OJ’s rants What would OJ do?

Sorting Algorithms: The Cocktail Sort

Welcome to the second post in my series on sorting algorithms. This time we're going to talk about a sort that most people haven't heard a great deal about: the Cocktail Sort.

This algorithm was the next logical choice in the series because it is very similar to the Bubble Sort in the way that it operates. If you're yet to read the first in the series, head over there now as it will make this algorithm easier to understand.

Fundamentally the algorithm is the same. The difference is that the Cocktail Sort iterates through a given data set in both directions when sorting.
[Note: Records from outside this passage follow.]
(* Let $G=(V,E)$ be an unweighted undirected graph on $n$ nodes and let $D\ge 2$ be an integer. Let $R$ be a random multiset of $\lceil 2\frac{n}{D}\ln D\rceil$ elements, each chosen uniformly and independently at random from $V$. For a node $u$, call a node $v$ uncovered for $u$ if $dist_G(u,v)\ge D$ and no node of $R$ lies on any shortest path between $u$ and $v$; call $u$ sick if it has more than $\frac{n}{D}$ uncovered nodes. Let $S$ be the set of sick nodes. Then \[ \Pr\!\left[|S|\ge 2\frac{n}{D}\right]\le \frac12. \]
   Context: $dist_G(u,v)$ denotes the shortest-path distance (number of edges) in $G$. A shortest path between $u$ and $v$ includes its endpoints $u$ and $v$. *)

theory Defs
  imports "HOL-Probability.Probability"
begin

definition is_walk :: "'a set \<Rightarrow> ('a \<Rightarrow> 'a \<Rightarrow> bool) \<Rightarrow> 'a list \<Rightarrow> bool" where
  "is_walk V E p \<longleftrightarrow> p \<noteq> [] \<and> set p \<subseteq> V \<and>
     (\<forall>i. Suc i < length p \<longrightarrow> E (p ! i) (p ! Suc i))"

definition walk_between :: "'a set \<Rightarrow> ('a \<Rightarrow> 'a \<Rightarrow> bool) \<Rightarrow> 'a \<Rightarrow> 'a \<Rightarrow> 'a list \<Rightarrow> bool" where
  "walk_between V E u v p \<longleftrightarrow> is_walk V E p \<and> hd p = u \<and> last p = v"

definition reachable :: "'a set \<Rightarrow> ('a \<Rightarrow> 'a \<Rightarrow> bool) \<Rightarrow> 'a \<Rightarrow> 'a \<Rightarrow> bool" where
  "reachable V E u v \<longleftrightarrow> (\<exists>p. walk_between V E u v p)"

definition gdist :: "'a set \<Rightarrow> ('a \<Rightarrow> 'a \<Rightarrow> bool) \<Rightarrow> 'a \<Rightarrow> 'a \<Rightarrow> nat" where
  "gdist V E u v = (LEAST d. \<exists>p. walk_between V E u v p \<and> length p = Suc d)"

definition shortest_path :: "'a set \<Rightarrow> ('a \<Rightarrow> 'a \<Rightarrow> bool) \<Rightarrow> 'a \<Rightarrow> 'a \<Rightarrow> 'a list \<Rightarrow> bool" where
  "shortest_path V E u v p \<longleftrightarrow> walk_between V E u v p \<and> length p = Suc (gdist V E u v)"

(* v is uncovered for u w.r.t. the sample R (a list, read as multiset) *)
definition uncovered :: "'a set \<Rightarrow> ('a \<Rightarrow> 'a \<Rightarrow> bool) \<Rightarrow> nat \<Rightarrow> 'a list \<Rightarrow> 'a \<Rightarrow> 'a set" where
  "uncovered V E D R u = {v \<in> V. reachable V E u v \<and> gdist V E u v \<ge> D \<and>
      (\<forall>p. shortest_path V E u v p \<longrightarrow> set p \<inter> set R = {})}"

definition sick_nodes :: "'a set \<Rightarrow> ('a \<Rightarrow> 'a \<Rightarrow> bool) \<Rightarrow> nat \<Rightarrow> 'a list \<Rightarrow> 'a set" where
  "sick_nodes V E D R = {u \<in> V. real (card (uncovered V E D R u)) > real (card V) / real D}"

end

theory Submission imports Defs begin

text \<open>A shortest \<open>u\<close>--\<open>v\<close> path has at least \<open>D\<close>
  distinct vertices, so a single sample misses it with probability at most \<open>1 - D/n\<close>, and all
  \<open>\<lceil>2(n/D) ln D\<rceil>\<close> samples miss it with probability at most \<open>exp (-2 ln D) = 1/D\<^sup>2\<close>.
  Hence the expected number of uncovered pairs is at most \<open>n\<^sup>2/D\<^sup>2\<close>. Every sick node accounts
  for more than \<open>n/D\<close> of these pairs, so the expected number of sick nodes is at most \<open>n/D\<close>,
  and Markov's inequality finishes the proof.\<close>

lemma is_walk_iff_successively:
  "is_walk V E p \<longleftrightarrow> p \<noteq> [] \<and> set p \<subseteq> V \<and> successively E p"
  by (simp add: is_walk_def successively_conv_nth)

lemma walk_between_remove_cycle:
  assumes "walk_between V E u v (xs @ y # ys @ y # zs)"
  shows "walk_between V E u v (xs @ y # zs)"
proof -
  have walk: "set (xs @ y # ys @ y # zs) \<subseteq> V" "successively E (xs @ y # ys @ y # zs)"
    using assms by (simp_all add: walk_between_def is_walk_iff_successively)
  have "successively E xs" "xs = [] \<or> E (last xs) y"
    using walk(2) by (simp_all add: successively_append_iff)
  moreover have "successively E (y # zs)"
    using walk(2) successively_append_iff[of E "xs @ y # ys" "y # zs"] by simp
  ultimately have "successively E (xs @ y # zs)"
    by (simp add: successively_append_iff)
  moreover have "hd (xs @ y # zs) = u"
    using assms by (cases xs) (simp_all add: walk_between_def)
  moreover have "last (xs @ y # zs) = v"
    using assms by (cases zs) (simp_all add: walk_between_def)
  ultimately show ?thesis
    using walk(1) by (auto simp: walk_between_def is_walk_iff_successively)
qed

lemma gdist_le_walk_length:
  assumes "walk_between V E u v p"
  shows "Suc (gdist V E u v) \<le> length p"
proof -
  from assms have "p \<noteq> []" by (simp add: walk_between_def is_walk_def)
  then obtain d where d: "length p = Suc d" by (cases p) auto
  with assms have "gdist V E u v \<le> d" unfolding gdist_def by (intro Least_le) blast
  with d show ?thesis by simp
qed

lemma shortest_path_exists:
  assumes "reachable V E u v"
  obtains p where "shortest_path V E u v p"
proof -
  obtain p where p: "walk_between V E u v p" using assms by (auto simp: reachable_def)
  then have "p \<noteq> []" by (simp add: walk_between_def is_walk_def)
  with p have "\<exists>d q. walk_between V E u v q \<and> length q = Suc d"
    by (intro exI[of _ "length p - 1"] exI[of _ p]) simp
  then have "\<exists>q. walk_between V E u v q \<and> length q = Suc (gdist V E u v)"
    unfolding gdist_def by (rule LeastI_ex)
  then show ?thesis using that by (auto simp: shortest_path_def)
qed

lemma shortest_path_distinct:
  assumes "shortest_path V E u v p"
  shows "distinct p"
proof (rule ccontr)
  assume "\<not> distinct p"
  then obtain xs y ys zs where "p = xs @ [y] @ ys @ [y] @ zs"
    using not_distinct_decomp by blast
  then have p: "p = xs @ y # ys @ y # zs" by simp
  with assms have "walk_between V E u v (xs @ y # ys @ y # zs)"
    by (simp add: shortest_path_def)
  then have "walk_between V E u v (xs @ y # zs)" by (rule walk_between_remove_cycle)
  then have "Suc (gdist V E u v) \<le> length (xs @ y # zs)" by (rule gdist_le_walk_length)
  with assms p show False by (simp add: shortest_path_def)
qed

lemma card_set_shortest_path:
  "shortest_path V E u v p \<Longrightarrow> card (set p) = Suc (gdist V E u v)"
  using shortest_path_distinct[of V E u v p] by (simp add: shortest_path_def distinct_card)

lemma finite_set_pmf_replicate_pmf:
  "finite (set_pmf p) \<Longrightarrow> finite (set_pmf (replicate_pmf k p))"
  by (simp add: set_replicate_pmf lists_eq_set finite_lists_length_eq)

lemma emeasure_replicate_pmf_avoid:
  "emeasure (replicate_pmf k p) {R. set R \<inter> A = {}} = ennreal (measure_pmf.prob p (- A) ^ k)"
proof (induction k)
  case 0
  then show ?case by (simp add: measure_pmf.emeasure_eq_measure)
next
  case (Suc k)
  have cons_preimage: "(#) x -` {R. set R \<inter> A = {}} = (if x \<in> A then {} else {R. set R \<inter> A = {}})"
    for x by auto
  have "emeasure (replicate_pmf (Suc k) p) {R. set R \<inter> A = {}}
      = (\<integral>\<^sup>+x. ennreal (measure_pmf.prob p (- A) ^ k) * indicator (- A) x \<partial>p)"
    using Suc.IH by (auto simp: map_pmf_def[symmetric] cons_preimage indicator_def intro!: nn_integral_cong)
  also have "\<dots> = ennreal (measure_pmf.prob p (- A) ^ k) * emeasure p (- A)"
    by (rule nn_integral_cmult_indicator) simp
  finally show ?case
    by (simp add: measure_pmf.emeasure_eq_measure ennreal_mult'' mult.commute)
qed

lemma prob_replicate_pmf_avoid:
  "measure_pmf.prob (replicate_pmf k p) {R. set R \<inter> A = {}} = measure_pmf.prob p (- A) ^ k"
  using emeasure_replicate_pmf_avoid[of k p A] by (simp add: measure_pmf.emeasure_eq_measure)

lemma one_minus_power_le_exp:
  fixes x :: real
  assumes "x \<le> 1"
  shows "(1 - x) ^ k \<le> exp (- x * k)"
proof -
  have "(1 - x) ^ k \<le> exp (- x) ^ k"
    using assms exp_ge_add_one_self[of "- x"] by (intro power_mono) auto
  then show ?thesis by (simp add: exp_of_nat_mult[symmetric] mult.commute)
qed

lemma prob_uncovered_le:
  assumes "finite V" "V \<noteq> {}" "D \<ge> 2"
    and k: "real k \<ge> 2 * (real (card V) / real D) * ln (real D)"
  shows "measure_pmf.prob (replicate_pmf k (pmf_of_set V)) {R. v \<in> uncovered V E D R u}
           \<le> 1 / (real D)\<^sup>2"
proof (cases "v \<in> V \<and> reachable V E u v \<and> gdist V E u v \<ge> D")
  case True
  then obtain p where p: "shortest_path V E u v p" by (blast elim: shortest_path_exists)
  have pV: "set p \<subseteq> V"
    using p by (simp add: shortest_path_def walk_between_def is_walk_def)
  have n: "card V > 0" using assms by (simp add: card_gt_0_iff)
  have p_le_n: "card (set p) \<le> card V" using \<open>finite V\<close> pV by (rule card_mono)
  have "card (set p) \<ge> D" using p True by (simp add: card_set_shortest_path)
  then have D_le_n: "real D / card V \<le> real (card (set p)) / card V"
    by (simp add: divide_right_mono)
  have "measure_pmf.prob (replicate_pmf k (pmf_of_set V)) {R. v \<in> uncovered V E D R u}
      \<le> measure_pmf.prob (replicate_pmf k (pmf_of_set V)) {R. set R \<inter> set p = {}}"
    using p by (intro measure_pmf.finite_measure_mono) (auto simp: uncovered_def)
  also have "\<dots> = (1 - real (card (set p)) / card V) ^ k"
    using assms pV n p_le_n
    by (simp add: prob_replicate_pmf_avoid measure_pmf_of_set Diff_eq[symmetric] card_Diff_subset
        of_nat_diff field_simps)
  also have "\<dots> \<le> (1 - real D / card V) ^ k"
    using D_le_n p_le_n n by (intro power_mono) (auto simp: field_simps)
  also have "\<dots> \<le> exp (- (real D / card V) * k)"
    using D_le_n p_le_n n
    by (intro one_minus_power_le_exp) (auto simp: field_simps)
  also have "\<dots> \<le> exp (- (2 * ln (real D)))"
    using k n \<open>D \<ge> 2\<close> by (auto simp: field_simps)
  also have "\<dots> = 1 / (real D)\<^sup>2"
    using \<open>D \<ge> 2\<close> by (simp add: exp_minus exp_double inverse_eq_divide)
  finally show ?thesis .
qed (auto simp: uncovered_def)


lemma card_greater_mult_le_sum:
  fixes f :: "'a \<Rightarrow> real"
  assumes "finite A" and "\<And>x. x \<in> A \<Longrightarrow> 0 \<le> f x"
  shows "t * card {x \<in> A. t < f x} \<le> sum f A"
proof -
  have "t * card {x \<in> A. t < f x} = (\<Sum>x \<in> {x \<in> A. t < f x}. t)" by simp
  also have "\<dots> \<le> (\<Sum>x \<in> {x \<in> A. t < f x}. f x)" by (rule sum_mono) simp
  also have "\<dots> \<le> sum f A" using assms by (intro sum_mono2) auto
  finally show ?thesis .
qed

lemma expectation_card_uncovered_le:
  assumes "finite V" "V \<noteq> {}" "D \<ge> 2"
    and "real k \<ge> 2 * (real (card V) / real D) * ln (real D)"
  shows "measure_pmf.expectation (replicate_pmf k (pmf_of_set V))
           (\<lambda>R. real (card (uncovered V E D R u))) \<le> card V / (real D)\<^sup>2"
proof -
  let ?M = "replicate_pmf k (pmf_of_set V)"
  have card_eq: "real (card (uncovered V E D R u))
      = (\<Sum>v\<in>V. indicator {R. v \<in> uncovered V E D R u} R)" for R
  proof -
    have "V \<inter> uncovered V E D R u = uncovered V E D R u" by (auto simp: uncovered_def)
    moreover have "(\<Sum>v\<in>V. indicator {R. v \<in> uncovered V E D R u} R :: real)
        = real (card (V \<inter> uncovered V E D R u))"
      using \<open>finite V\<close> by (simp add: indicator_def sum.If_cases Int_def)
    ultimately show ?thesis by simp
  qed
  have "finite (set_pmf ?M)"
    using assms by (intro finite_set_pmf_replicate_pmf) simp
  then have "measure_pmf.expectation ?M (\<lambda>R. real (card (uncovered V E D R u)))
      = (\<Sum>v\<in>V. measure_pmf.expectation ?M (indicator {R. v \<in> uncovered V E D R u}))"
    unfolding card_eq by (intro Bochner_Integration.integral_sum integrable_measure_pmf_finite)
  also have "\<dots> = (\<Sum>v\<in>V. measure_pmf.prob ?M {R. v \<in> uncovered V E D R u})"
    by simp
  also have "\<dots> \<le> (\<Sum>v\<in>V. 1 / (real D)\<^sup>2)"
    using assms by (intro sum_mono prob_uncovered_le)
  finally show ?thesis by simp
qed

lemma expectation_card_sick_nodes_le:
  assumes "finite V" "V \<noteq> {}" "D \<ge> 2"
    and "real k \<ge> 2 * (real (card V) / real D) * ln (real D)"
  shows "measure_pmf.expectation (replicate_pmf k (pmf_of_set V))
           (\<lambda>R. real (card (sick_nodes V E D R))) \<le> card V / real D"
proof -
  let ?M = "replicate_pmf k (pmf_of_set V)"
  let ?t = "real (card V) / real D"
  have n: "card V > 0" using assms by (simp add: card_gt_0_iff)
  have integrable: "integrable ?M f" for f :: "'a list \<Rightarrow> real"
    using assms by (intro integrable_measure_pmf_finite finite_set_pmf_replicate_pmf) simp
  have pointwise: "?t * real (card (sick_nodes V E D R))
      \<le> (\<Sum>u\<in>V. real (card (uncovered V E D R u)))" for R
    unfolding sick_nodes_def using \<open>finite V\<close> by (rule card_greater_mult_le_sum) simp
  have "?t * measure_pmf.expectation ?M (\<lambda>R. real (card (sick_nodes V E D R)))
      = measure_pmf.expectation ?M (\<lambda>R. ?t * real (card (sick_nodes V E D R)))"
    by simp
  also have "\<dots> \<le> measure_pmf.expectation ?M (\<lambda>R. \<Sum>u\<in>V. real (card (uncovered V E D R u)))"
    using pointwise by (intro integral_mono integrable)
  also have "\<dots> = (\<Sum>u\<in>V. measure_pmf.expectation ?M (\<lambda>R. real (card (uncovered V E D R u))))"
    by (intro Bochner_Integration.integral_sum integrable)
  also have "\<dots> \<le> (\<Sum>u\<in>V. card V / (real D)\<^sup>2)"
    using assms by (intro sum_mono expectation_card_uncovered_le)
  also have "\<dots> = ?t * (card V / real D)"
    by (simp add: power2_eq_square)
  finally show ?thesis
    by (rule mult_left_le_imp_le) (use n \<open>D \<ge> 2\<close> in simp)
qed

theorem lemma3:
  fixes V :: "'a set" and E :: "'a \<Rightarrow> 'a \<Rightarrow> bool" and D n :: nat
  assumes "finite V" and "V \<noteq> {}" and "card V = n"
    and "\<And>x y. E x y \<Longrightarrow> x \<in> V \<and> y \<in> V"
    and "\<And>x y. E x y \<Longrightarrow> E y x"
    and "\<And>x. \<not> E x x"
    and "D \<ge> 2"
  shows "measure_pmf.prob
           (replicate_pmf (nat \<lceil>2 * (real n / real D) * ln (real D)\<rceil>) (pmf_of_set V))
           {R. real (card (sick_nodes V E D R)) \<ge> 2 * (real n / real D)} \<le> 1 / 2"
proof -
  let ?M = "replicate_pmf (nat \<lceil>2 * (real n / real D) * ln (real D)\<rceil>) (pmf_of_set V)"
  let ?S = "\<lambda>R. real (card (sick_nodes V E D R))"
  have n_pos: "n > 0" using assms(1-3) by (auto simp: card_gt_0_iff)
  then have pos: "0 < 2 * (real n / real D)" using assms(7) by simp
  have "real (nat \<lceil>2 * (real n / real D) * ln (real D)\<rceil>)
      \<ge> 2 * (real (card V) / real D) * ln (real D)"
    unfolding assms(3) by (rule real_nat_ceiling_ge)
  then have expectation: "measure_pmf.expectation ?M ?S \<le> real n / real D"
    using expectation_card_sick_nodes_le[OF assms(1,2,7)] assms(3) by blast
  have "measure_pmf.prob ?M {R \<in> space ?M. ?S R \<ge> 2 * (real n / real D)}
      \<le> measure_pmf.expectation ?M ?S / (2 * (real n / real D))"
    using assms(1,2) pos
    by (intro integral_Markov_inequality_measure[where A = "{}"]
        integrable_measure_pmf_finite finite_set_pmf_replicate_pmf) auto
  also have "\<dots> \<le> (real n / real D) / (2 * (real n / real D))"
    using expectation pos by (intro divide_right_mono) auto
  also have "\<dots> = 1 / 2" using n_pos assms(7) by simp
  finally show ?thesis by simp
qed

end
So let's break it down.

Common Terms

• Data set - the array or list of items that is to be sorted.
• n - the number of elements in the data set

The Algorithm

Each iteration of the algorithm is broken up into two stages.

The first stage loops through the data set from bottom to top, just like the Bubble Sort. During the loop, adjacent items are compared. If at any point the value on the left is greater than the value on the right, the items are swapped. At the end of the first iteration, the largest number will reside at the end of the set.

The second stage loops through the data set in the opposite direction - starting from the item just before the most recently sorted item, and moving back towards the start of the list. Again, adjacent items are swapped if required.

The Cocktail Sort also fits in the category of Exchange Sorts due to the manner in which elements are moved inside the data set during the sorting process.

The Example

We will use the same initial data set that we used for the Bubble Sort to aid in highlighting the differences.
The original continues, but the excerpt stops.